Lula e Singh deverão também dar a partida ao processo de ampliação e aprofundamento do acordo de redução de tarifas existente entre o Mercosul e a Índia, de 2004, que abrange atualmente apenas 902 itens.
DÉFICIT
Mesmo com esse acordo em vigor, o Brasil exportou para a Índia apenas US$ 936,6 milhões no ano passado - uma cifra 17,6% menor que em 2005 - e contabilizou um déficit de US$ 537,3 milhões.

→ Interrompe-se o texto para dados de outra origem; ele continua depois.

definition ET2 :: "('o,'m,'e) ecat \<Rightarrow> bool" where
  "ET2 X \<longleftrightarrow>
     (\<forall>A\<in>Ob X. \<forall>C\<in>Ob X. \<forall>S p1 p2 i1 i2.
        biproduct X A C S p1 p2 i1 i2 \<longrightarrow> rlz X C A (ezero X C A) i1 p2) \<and>
     (\<forall>A A' C C' d d' SA pA1 pA2 iA1 iA2 SC pC1 pC2 iC1 iC2 th x y x' y' SB pB1 pB2 iB1 iB2.
        A \<in> Ob X \<and> A' \<in> Ob X \<and> C \<in> Ob X \<and> C' \<in> Ob X \<and>
        d \<in> Ext X C A \<and> d' \<in> Ext X C' A' \<and>
        biproduct X A A' SA pA1 pA2 iA1 iA2 \<and> biproduct X C C' SC pC1 pC2 iC1 iC2 \<and>
        th \<in> Ext X SC SA \<and>
        push X C pA1 (pull X iC1 SA th) = d \<and>
        push X C' pA2 (pull X iC2 SA th) = d' \<and>
        push X C pA2 (pull X iC1 SA th) = ezero X C A' \<and>
        push X C' pA1 (pull X iC2 SA th) = ezero X C' A \<and>
        rlz X C A d x y \<and> rlz X C' A' d' x' y' \<and>
        biproduct X (tgt X x) (tgt X x') SB pB1 pB2 iB1 iB2 \<longrightarrow>
        rlz X SC SA th
          (madd X (cmp X iB1 (cmp X x pA1)) (cmp X iB2 (cmp X x' pA2)))
          (madd X (cmp X iC1 (cmp X y pB1)) (cmp X iC2 (cmp X y' pB2))))"

definition etri :: "('o,'m,'e) ecat \<Rightarrow> 'o \<Rightarrow> 'o \<Rightarrow> 'o \<Rightarrow> 'm \<Rightarrow> 'm \<Rightarrow> 'e \<Rightarrow> bool" where
  "etri X A B C x y d \<longleftrightarrow> A \<in> Ob X \<and> B \<in> Ob X \<and> C \<in> Ob X \<and> d \<in> Ext X C A \<and>
     x \<in> hom X A B \<and> y \<in> hom X B C \<and> rlz X C A d x y"

definition ET3 :: "('o,'m,'e) ecat \<Rightarrow> bool" where
  "ET3 X \<longleftrightarrow> (\<forall>A B C x y d A' B' C' x' y' d' a b.
     etri X A B C x y d \<and> etri X A' B' C' x' y' d' \<and> a \<in> hom X A A' \<and> b \<in> hom X B B' \<and>
     cmp X b x = cmp X x' a \<longrightarrow>
     (\<exists>c\<in>hom X C C'. cmp X c y = cmp X y' b \<and> push X C a d = pull X c A' d'))"

definition ET3op :: "('o,'m,'e) ecat \<Rightarrow> bool" where
  "ET3op X \<longleftrightarrow> (\<forall>A B C x y d A' B' C' x' y' d' b c.
     etri X A B C x y d \<and> etri X A' B' C' x' y' d' \<and> b \<in> hom X B B' \<and> c \<in> hom X C C' \<and>
     cmp X y' b = cmp X c y \<longrightarrow>
     (\<exists>a\<in>hom X A A'. cmp X b x = cmp X x' a \<and> push X C a d = pull X c A' d'))"

definition ET4 :: "('o,'m,'e) ecat \<Rightarrow> bool" where
  "ET4 X \<longleftrightarrow> (\<forall>A B D f f' d C F g g' d'.
     etri X A B D f f' d \<and> etri X B C F g g' d' \<longrightarrow>
     (\<exists>E\<in>Ob X. \<exists>h h' dd e d''.
        etri X A C E h h' d'' \<and> dd \<in> hom X D E \<and> e \<in> hom X E F \<and>
        h = cmp X g f \<and> cmp X dd f' = cmp X h' g \<and> cmp X e h' = g' \<and>
        etri X D E F dd e (push X F f' d') \<and>
        pull X dd A d'' = d \<and>
        push X E f d'' = pull X e B d'))"

definition ET4op :: "('o,'m,'e) ecat \<Rightarrow> bool" where
  "ET4op X \<longleftrightarrow> (\<forall>D A B f' f d F C g' g d'.
     etri X D A B f' f d \<and> etri X F B C g' g d' \<longrightarrow>
     (\<exists>E\<in>Ob X. \<exists>dd e h' h d''.
        etri X E A C h' h d'' \<and> dd \<in> hom X D E \<and> e \<in> hom X E F \<and>
        h = cmp X g f \<and> f' = cmp X h' dd \<and> cmp X g' e = cmp X f h' \<and>
        etri X D E F dd e (pull X g' D d) \<and>
        d' = push X C e d'' \<and>
        push X B dd d = pull X g E d''))"

definition extriangulated :: "('o,'m,'e) ecat \<Rightarrow> bool" where
  "extriangulated X \<longleftrightarrow> additive X \<and> biadditive_Ext X \<and> realization X \<and> ET2 X \<and>
     ET3 X \<and> ET3op X \<and> ET4 X \<and> ET4op X"

definition additive_subfunctor :: "('o,'m,'e) ecat \<Rightarrow> ('o \<Rightarrow> 'o \<Rightarrow> 'e set) \<Rightarrow> bool" where
  "additive_subfunctor X Fs \<longleftrightarrow>
     (\<forall>C\<in>Ob X. \<forall>A\<in>Ob X. Fs C A \<subseteq> Ext X C A \<and> ezero X C A \<in> Fs C A \<and>
        (\<forall>d\<in>Fs C A. \<forall>d'\<in>Fs C A. eadd X C A d d' \<in> Fs C A) \<and>
        (\<forall>d\<in>Fs C A. \<exists>d'\<in>Fs C A. eadd X C A d d' = ezero X C A)) \<and>
     (\<forall>C\<in>Ob X. \<forall>A A'. \<forall>a\<in>hom X A A'. \<forall>d\<in>Fs C A. push X C a d \<in> Fs C A') \<and>
     (\<forall>A\<in>Ob X. \<forall>C C'. \<forall>c\<in>hom X C' C. \<forall>d\<in>Fs C A. pull X c A d \<in> Fs C' A)"

definition Ph :: "('o,'m,'e) ecat \<Rightarrow> ('o \<Rightarrow> 'o \<Rightarrow> 'e set) \<Rightarrow> 'm set" where
  "Ph X Fs = {phi \<in> Mor X. \<forall>A\<in>Ob X. \<forall>d\<in>Ext X (tgt X phi) A.
     pull X phi A d \<in> Fs (src X phi) A}"

definition F_inj :: "('o,'m,'e) ecat \<Rightarrow> ('o \<Rightarrow> 'o \<Rightarrow> 'e set) \<Rightarrow> 'm set" where
  "F_inj X Fs = {i \<in> Mor X. \<forall>C\<in>Ob X. \<forall>d\<in>Fs C (src X i).
     push X C i d = ezero X C (tgt X i)}"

1ª escala: Londres - 1º de junho Diversão: O presidente Lula assiste a uma partida de futebol entre as seleções do Brasil e da Inglaterra, ponto alto da reinauguração do estádio Wembley
2ª escala: Nova Délhi - 3 e 4
Visita oficial: Brasil e Índia iniciam a cooperação nas áreas nuclear e espacial e criam foro empresarial para aumentar o comércio e os investimentos entre os países
3ª escala: Rabat - 5 e 6
Visita oficial: Brasil e Marrocos tomam medidas para elevar o comércio bilateral e tratam da 2ª reunião de cúpula América do Sul-Países Árabes, em 2008
4ª escala: Heiligendamm - 7 e 8 Reunião do G-8 ampliado: na Alemanha, Lula participa de parte das discussões anuais do grupo das sete economias mais ricas do mundo somado à Rússia.